> [EXERCISE DETAILS]
Take the records below and copy them exactly.

> [DATA FOR REVIEW]
lemma variation_sum_mono_on:
  assumes "sorted ts" "mono_on (set ts) g" "ts \<noteq> []"
  shows "variation_sum g ts = g (last ts) - g (hd ts)"
  using assms
proof (induction ts rule: induct_list012)
  case (3 a b ts)
  have "g a \<le> g b" using 3(3,4) by (auto intro: mono_onD)
  moreover have "mono_on (set (b # ts)) g" using 3(4) by (rule mono_on_subset) auto
  then have "variation_sum g (b # ts) = g (last (b # ts)) - g b"
    using 3(2,3) by simp
  ultimately show ?case by simp
qed auto

lemma variation_sum_monotone_le:
  assumes "sorted ts" "mono_on (set ts) g \<or> antimono_on (set ts) g"
    and "\<forall>t\<in>set ts. \<bar>g t\<bar> \<le> M" "0 \<le> M"
  shows "variation_sum g ts \<le> 2 * M"
proof (cases "ts = []")
  case False
  then have bounds: "\<bar>g (last ts)\<bar> \<le> M" "\<bar>g (hd ts)\<bar> \<le> M"
    using assms(3) by auto
  show ?thesis using assms(2)
  proof
    assume "mono_on (set ts) g"
    then show ?thesis
      using variation_sum_mono_on[OF assms(1)] False bounds by (auto simp: abs_le_iff)
  next
    assume "antimono_on (set ts) g"
    then have "mono_on (set ts) (\<lambda>t. - g t)" by (auto simp: monotone_on_def)
    then show ?thesis
      using variation_sum_mono_on[OF assms(1)] variation_sum_uminus[of g] False bounds
      by (fastforce simp: abs_le_iff)
  qed
qed (use assms(4) in simp)

lemma not_pred_dropWhile_sorted:
  assumes "sorted xs" "\<And>a b. a \<le> b \<Longrightarrow> P b \<Longrightarrow> P a" "t \<in> set (dropWhile P xs)"
  shows "\<not> P t"
  using assms(1,3)
proof (induction xs)
  case (Cons a xs)
  show ?case
  proof (cases "P a")
    case True
    with Cons show ?thesis by simp
  next
    case False
    with Cons.prems have "a \<le> t" by auto
    with False show ?thesis using assms(2) by blast
  qed
qed simp

lemma sorted_split_at:
  fixes z :: "'a :: linorder"
  assumes "sorted xs"
  obtains ls ms rs where "xs = ls @ ms @ rs"
    and "set ls \<subseteq> {..<z}" "set ms \<subseteq> {z}" "set rs \<subseteq> {z<..}"
proof (rule that)
  define ys where "ys = dropWhile (\<lambda>t. t < z) xs"
  have "sorted ys" unfolding ys_def using assms by (rule sorted_dropWhile)
  have ys_ge: "z \<le> t" if "t \<in> set ys" for t
  proof -
    have "\<not> t < z"
      by (rule not_pred_dropWhile_sorted[OF assms _ that[unfolded ys_def]]) simp
    then show ?thesis by simp
  qed
  show "xs = takeWhile (\<lambda>t. t < z) xs @ takeWhile (\<lambda>t. t \<le> z) ys @ dropWhile (\<lambda>t. t \<le> z) ys"
    unfolding ys_def by simp
  show "set (takeWhile (\<lambda>t. t < z) xs) \<subseteq> {..<z}"
    by (auto dest: set_takeWhileD)
  show "set (takeWhile (\<lambda>t. t \<le> z) ys) \<subseteq> {z}"
  proof
    fix t assume "t \<in> set (takeWhile (\<lambda>t. t \<le> z) ys)"
    then have "t \<in> set ys" "t \<le> z" by (auto dest: set_takeWhileD)
    with ys_ge show "t \<in> {z}" by (simp add: order_antisym)
  qed
  show "set (dropWhile (\<lambda>t. t \<le> z) ys) \<subseteq> {z<..}"
  proof
    fix t assume "t \<in> set (dropWhile (\<lambda>t. t \<le> z) ys)"
    then have "\<not> t \<le> z"
      by (rule not_pred_dropWhile_sorted[OF \<open>sorted ys\<close>, rotated]) simp
    then show "t \<in> {z<..}" by simp
  qed
qed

> [TASK SOLUTION]
lemma variation_sum_mono_on:
  assumes "sorted ts" "mono_on (set ts) g" "ts \<noteq> []"
  shows "variation_sum g ts = g (last ts) - g (hd ts)"
  using assms
proof (induction ts rule: induct_list012)
  case (3 a b ts)
  have "g a \<le> g b" using 3(3,4) by (auto intro: mono_onD)
  moreover have "mono_on (set (b # ts)) g" using 3(4) by (rule mono_on_subset) auto
  then have "variation_sum g (b # ts) = g (last (b # ts)) - g b"
    using 3(2,3) by simp
  ultimately show ?case by simp
qed auto

lemma variation_sum_monotone_le:
  assumes "sorted ts" "mono_on (set ts) g \<or> antimono_on (set ts) g"
    and "\<forall>t\<in>set ts. \<bar>g t\<bar> \<le> M" "0 \<le> M"
  shows "variation_sum g ts \<le> 2 * M"
proof (cases "ts = []")
  case False
  then have bounds: "\<bar>g (last ts)\<bar> \<le> M" "\<bar>g (hd ts)\<bar> \<le> M"
    using assms(3) by auto
  show ?thesis using assms(2)
  proof
    assume "mono_on (set ts) g"
    then show ?thesis
      using variation_sum_mono_on[OF assms(1)] False bounds by (auto simp: abs_le_iff)
  next
    assume "antimono_on (set ts) g"
    then have "mono_on (set ts) (\<lambda>t. - g t)" by (auto simp: monotone_on_def)
    then show ?thesis
      using variation_sum_mono_on[OF assms(1)] variation_sum_uminus[of g] False bounds
      by (fastforce simp: abs_le_iff)
  qed
qed (use assms(4) in simp)

lemma not_pred_dropWhile_sorted:
  assumes "sorted xs" "\<And>a b. a \<le> b \<Longrightarrow> P b \<Longrightarrow> P a" "t \<in> set (dropWhile P xs)"
  shows "\<not> P t"
  using assms(1,3)
proof (induction xs)
  case (Cons a xs)
  show ?case
  proof (cases "P a")
    case True
    with Cons show ?thesis by simp
  next
    case False
    with Cons.prems have "a \<le> t" by auto
    with False show ?thesis using assms(2) by blast
  qed
qed simp

lemma sorted_split_at:
  fixes z :: "'a :: linorder"
  assumes "sorted xs"
  obtains ls ms rs where "xs = ls @ ms @ rs"
    and "set ls \<subseteq> {..<z}" "set ms \<subseteq> {z}" "set rs \<subseteq> {z<..}"
proof (rule that)
  define ys where "ys = dropWhile (\<lambda>t. t < z) xs"
  have "sorted ys" unfolding ys_def using assms by (rule sorted_dropWhile)
  have ys_ge: "z \<le> t" if "t \<in> set ys" for t
  proof -
    have "\<not> t < z"
      by (rule not_pred_dropWhile_sorted[OF assms _ that[unfolded ys_def]]) simp
    then show ?thesis by simp
  qed
  show "xs = takeWhile (\<lambda>t. t < z) xs @ takeWhile (\<lambda>t. t \<le> z) ys @ dropWhile (\<lambda>t. t \<le> z) ys"
    unfolding ys_def by simp
  show "set (takeWhile (\<lambda>t. t < z) xs) \<subseteq> {..<z}"
    by (auto dest: set_takeWhileD)
  show "set (takeWhile (\<lambda>t. t \<le> z) ys) \<subseteq> {z}"
  proof
    fix t assume "t \<in> set (takeWhile (\<lambda>t. t \<le> z) ys)"
    then have "t \<in> set ys" "t \<le> z" by (auto dest: set_takeWhileD)
    with ys_ge show "t \<in> {z}" by (simp add: order_antisym)
  qed
  show "set (dropWhile (\<lambda>t. t \<le> z) ys) \<subseteq> {z<..}"
  proof
    fix t assume "t \<in> set (dropWhile (\<lambda>t. t \<le> z) ys)"
    then have "\<not> t \<le> z"
      by (rule not_pred_dropWhile_sorted[OF \<open>sorted ys\<close>, rotated]) simp
    then show "t \<in> {z<..}" by simp
  qed
qed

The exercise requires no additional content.